Problems with lts__t_requests_srcunit_tex_aperture_peer


I’m testing P2P memory access, I want to know when local GPU data cache miss, how many sectors will be transfered. So, I perform a kernel to read peer GPU memory and test lts__t_requests_srcunit_tex_aperture_peer metric, but I got a zero value.

Did I misunderstand something? And how to test peer memory access correctly by ncu?
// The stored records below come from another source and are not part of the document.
(* Let $G$ be a commutative group, $d\ge 0$, and let $U\subset G$ be a $d$-dimensional quasicube. Then for every $V\subset U$ we have \[ \beta(V)=|V| \quad\text{and}\quad \alpha(V)\ge |V|^{1/2}. \] In particular $\beta(U)=2^d$ and $\alpha(U)\ge 2^{d/2}$.
   Context: All groups are commutative and written additively; sets $A,B$ below range over nonempty finite subsets of $G$. For a finite $U\subset G$: the induced doubling is $\alpha(U)=\inf_{A\supset U,\,B\supset U}\frac{|A+B|}{\sqrt{|A||B|}}$, and the induced tripling is $\beta(U)=\inf_{A,B}\frac{|A+B+U|}{\sqrt{|A||B|}}$ (infimum over all nonempty finite $A,B\subset G$). Quasicubes are defined recursively: a $0$-dimensional quasicube is any singleton; a finite set $U\subset G$ is a $d$-dimensional quasicube ($d\ge1$) if there is a proper subgroup $G'$ of $G$ and two distinct cosets $G'+x$, $G'+y$ such that $U\subset (G'+x)\cup(G'+y)$, both $U\cap(G'+x)$ and $U\cap(G'+y)$ are $(d-1)$-dimensional quasicubes, and $x-y$ has infinite order in the factor group $G/G'$. *)

theory Defs
  imports Complex_Main
begin

text \<open>The ambient commutative group G is the type 'a of class ab_group_add (G = UNIV).\<close>

definition sumset :: "'a::ab_group_add set \<Rightarrow> 'a set \<Rightarrow> 'a set" where
  "sumset A B = {a + b | a b. a \<in> A \<and> b \<in> B}"

definition subgrp :: "'a::ab_group_add set \<Rightarrow> bool" where
  "subgrp H \<longleftrightarrow> 0 \<in> H \<and> (\<forall>x\<in>H. \<forall>y\<in>H. x + y \<in> H) \<and> (\<forall>x\<in>H. - x \<in> H)"

definition coset :: "'a::ab_group_add set \<Rightarrow> 'a \<Rightarrow> 'a set" where
  "coset H x = {h + x | h. h \<in> H}"

definition infinite_order_mod :: "'a::ab_group_add set \<Rightarrow> 'a \<Rightarrow> bool" where
  "infinite_order_mod H z \<longleftrightarrow> (\<forall>n::nat. n > 0 \<longrightarrow> (\<Sum>i<n. z) \<notin> H)"

inductive quasicube :: "nat \<Rightarrow> 'a::ab_group_add set \<Rightarrow> bool" where
  qc0: "quasicube 0 {x}"
| qcSuc: "\<lbrakk> finite U; subgrp H; H \<noteq> UNIV; coset H x \<noteq> coset H y;
            U \<subseteq> coset H x \<union> coset H y;
            quasicube d (U \<inter> coset H x); quasicube d (U \<inter> coset H y);
            infinite_order_mod H (x - y) \<rbrakk> \<Longrightarrow> quasicube (Suc d) U"

definition alpha :: "'a::ab_group_add set \<Rightarrow> real" where
  "alpha U = Inf {real (card (sumset A B)) / sqrt (real (card A) * real (card B)) | A B.
                  finite A \<and> finite B \<and> A \<noteq> {} \<and> B \<noteq> {} \<and> U \<subseteq> A \<and> U \<subseteq> B}"

definition beta :: "'a::ab_group_add set \<Rightarrow> real" where
  "beta U = Inf {real (card (sumset (sumset A B) U)) / sqrt (real (card A) * real (card B)) | A B.
                  finite A \<and> finite B \<and> A \<noteq> {} \<and> B \<noteq> {}}"

end

theory Submission
  imports Defs
begin

text \<open>The heart of the matter is the tripling inequality \<open>|A + B + V| \<ge> |V| sqrt (|A| |B|)\<close> for
  every subset \<open>V\<close> of a quasicube, proved by induction on the dimension. After a translation,
  \<open>V = W\<^sub>0 \<union> W\<^sub>1\<close> with \<open>W\<^sub>0 \<subseteq> H\<close> and \<open>W\<^sub>1 \<subseteq> H + z\<close>, where \<open>z\<close> has infinite order modulo \<open>H\<close>.
  On \<open>H + \<int> z\<close> the coordinate along \<open>z\<close> fibres \<open>A\<close>, \<open>B\<close> and \<open>A + B + V\<close> over \<open>\<int>\<close>, and the
  inequalities for \<open>W\<^sub>0\<close> and \<open>W\<^sub>1\<close> on the fibres combine through a discrete Prekopa-Leindler type
  inequality: \<open>c\<^sub>0 sqrt (f i g j) \<le> h (i + j)\<close> and \<open>c\<^sub>1 sqrt (f i g j) \<le> h (i + j + 1)\<close> imply
  \<open>(c\<^sub>0 + c\<^sub>1) sqrt (\<Sum>f \<Sum>g) \<le> \<Sum>h\<close>. General \<open>A\<close> and \<open>B\<close> are reduced to \<open>H + \<int> z\<close> by splitting
  them along its cosets. The choice \<open>A = B = {0}\<close> shows that the bound is attained, so
  \<open>\<beta> V = |V|\<close>; and Petridis' lemma turns it into \<open>|A + B|\<^sup>2 \<ge> |V| |A| |B|\<close> for \<open>A, B \<supseteq> V\<close>.\<close>

section \<open>Sumsets\<close>

lemma sumset_iff: "x \<in> sumset A B \<longleftrightarrow> (\<exists>a\<in>A. \<exists>b\<in>B. x = a + b)"
  unfolding sumset_def by blast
The metric you’re looking at should give some information if there is peer reads. A request could be comprised of multiple sector reads, so in our memory calculations, we use this metric for peer accesses “lts__t_sectors_srcunit_tex_aperture_peer_lookup_miss.sum”. You could try collecting that. Please share a screenshot of the L2 Cache table from the Memory Workload Analysis like the one below. That will help us verify if peer accesses are actually occurring.

L2 Cache table:

I tried lts__t_sectors_srcunit_tex_aperture_peer_lookup_miss.sum metric, also got a zero value.

And below is the nvlink received bytes and transmitted bytes, which indicates data transfer actually happened.

Moreover, if I collect l1tex__m_xbar2l1tex_read_sectors, I can get a value match nvlink user received data.

I didn’t realize you were using NVLINK, as opposed to PCIe. The peer metrics are for PCIe connected GPUs. The NVLINK section is what will show the communication between GPUs in your system. The only thing to be aware of is that they are device-wide, so you want to make sure that you don’t have traffic generated by other applications running at the same time.